(*
  As a function of m = n_1, K_{a,1} satisfies (Pascal's rule and absorption applied to its
  binomial-Pochhammer sum) the recurrence
    K_0 = K_1 = 1,   K_{j+2} = K_{j+1} + eps_{j+1} K_j,   eps_j = j (j - 1) / (4 a^2).
  Hence the ratios r_j = K_{j+1} / K_j obey r_{j+1} = 1 + eps_{j+1} / r_j, and as long as
  eps_j <= 1/2 this continued fraction pins down ln r_j = eps_j - 3/2 eps_j^2 up to
  eps_j (eps_j - eps_{j-1}) + 4 eps_j^3.  Summing over j < m with the closed forms of
  sum eps_j and sum eps_j^2 gives
    ln K_{a,1} = m^3/(12 a^2) - 3 m^5/(160 a^4) + O(m^2/a^2 + m^4/a^4 + m^7/a^6),
  and m <= n, a >= delta n^(5/4), a >= 2n turn the error into O(n^(-1/4)).
*)

section \<open>A three-term recurrence for K_a1\<close>

lemma sum_Suc_choose_pascal:
  fixes f :: "nat \<Rightarrow> 'a::comm_ring_1"
  shows "(\<Sum>\<nu>\<le>Suc m. of_nat (Suc m choose \<nu>) * f \<nu>)
       = (\<Sum>\<nu>\<le>m. of_nat (m choose \<nu>) * (f \<nu> + f (Suc \<nu>)))"
proof -
  have shift: "(\<Sum>\<nu>\<le>Suc m. of_nat (m choose \<nu>) * f \<nu>)
      = f 0 + (\<Sum>\<nu>\<le>m. of_nat (m choose Suc \<nu>) * f (Suc \<nu>))"
    by (simp add: sum.atMost_Suc_shift del: sum.atMost_Suc)
  have "(\<Sum>\<nu>\<le>Suc m. of_nat (Suc m choose \<nu>) * f \<nu>)
      = f 0 + (\<Sum>\<nu>\<le>m. of_nat (m choose \<nu>) * f (Suc \<nu>))
        + (\<Sum>\<nu>\<le>m. of_nat (m choose Suc \<nu>) * f (Suc \<nu>))"
    by (simp add: sum.atMost_Suc_shift sum.distrib algebra_simps del: sum.atMost_Suc)
  also have "\<dots> = (\<Sum>\<nu>\<le>m. of_nat (m choose \<nu>) * f (Suc \<nu>))
      + (\<Sum>\<nu>\<le>m. of_nat (m choose \<nu>) * f \<nu>)"
    using shift by (simp add: binomial_eq_0)
  finally show ?thesis
    by (simp add: sum.distrib algebra_simps)
qed

lemma sum_Suc_choose_absorb:
  fixes g :: "nat \<Rightarrow> 'a::comm_ring_1"
  shows "(\<Sum>\<nu>\<le>Suc p. of_nat (Suc p choose \<nu>) * (of_nat (Suc p) - 2 * of_nat \<nu>) * g \<nu>)
       = of_nat (Suc p) * (\<Sum>\<nu>\<le>p. of_nat (p choose \<nu>) * (g \<nu> - g (Suc \<nu>)))"
proof -
  have absorb_comp:
    "of_nat (Suc p choose \<nu>) * (of_nat (Suc p) - of_nat \<nu>) = (of_nat (Suc p * (p choose \<nu>)) :: 'a)"
    if "\<nu> \<le> Suc p" for \<nu>
  proof -
    have "of_nat ((Suc p - \<nu>) * (Suc p choose \<nu>)) = (of_nat (Suc p * (p choose \<nu>)) :: 'a)"
      by (simp only: binomial_absorb_comp diff_Suc_1)
    then show ?thesis
      using that by (simp only: of_nat_mult of_nat_diff mult.commute)
  qed
  have absorb: "of_nat (Suc i) * of_nat (Suc p choose Suc i) = (of_nat (Suc p * (p choose i)) :: 'a)" for i
    by (simp only: binomial_absorption diff_Suc_1 of_nat_mult[symmetric])
  have "(\<Sum>\<nu>\<le>Suc p. of_nat (Suc p choose \<nu>) * (of_nat (Suc p) - 2 * of_nat \<nu>) * g \<nu>)
      = (\<Sum>\<nu>\<le>Suc p. of_nat (Suc p * (p choose \<nu>)) * g \<nu>)
        - (\<Sum>\<nu>\<le>Suc p. of_nat \<nu> * of_nat (Suc p choose \<nu>) * g \<nu>)"
  proof (subst sum_subtractf[symmetric], rule sum.cong[OF refl])
    fix \<nu> assume "\<nu> \<in> {..Suc p}"
    then show "of_nat (Suc p choose \<nu>) * (of_nat (Suc p) - 2 * of_nat \<nu>) * g \<nu>
        = of_nat (Suc p * (p choose \<nu>)) * g \<nu> - of_nat \<nu> * of_nat (Suc p choose \<nu>) * g \<nu>"
      using absorb_comp[of \<nu>] by (simp add: algebra_simps del: of_nat_Suc of_nat_mult)
  qed
  also have "(\<Sum>\<nu>\<le>Suc p. of_nat \<nu> * of_nat (Suc p choose \<nu>) * g \<nu>)
      = (\<Sum>\<nu>\<le>p. of_nat (Suc p * (p choose \<nu>)) * g (Suc \<nu>))"
    by (simp add: sum.atMost_Suc_shift absorb del: sum.atMost_Suc binomial_Suc_Suc of_nat_Suc of_nat_mult)
  also have "(\<Sum>\<nu>\<le>p. of_nat (Suc p * (p choose \<nu>)) * g (Suc \<nu>))
      = of_nat (Suc p) * (\<Sum>\<nu>\<le>p. of_nat (p choose \<nu>) * g (Suc \<nu>))"
    by (simp only: sum_distrib_left of_nat_mult mult.assoc)
  also have "(\<Sum>\<nu>\<le>Suc p. of_nat (Suc p * (p choose \<nu>)) * g \<nu>)
      = of_nat (Suc p) * (\<Sum>\<nu>\<le>p. of_nat (p choose \<nu>) * g \<nu>)"
    by (simp only: sum.atMost_Suc binomial_eq_0 lessI sum_distrib_left of_nat_mult mult.assoc) simp
  finally show ?thesis
    by (simp only: right_diff_distrib sum_subtractf)
qed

▬▬▬▬▬▬▬▬▬▬

_Task goal_:
Every line of the records that includes the word "lemma" should be gathered.

_Response to this exercise_:
lemma sum_Suc_choose_pascal:
lemma sum_Suc_choose_absorb:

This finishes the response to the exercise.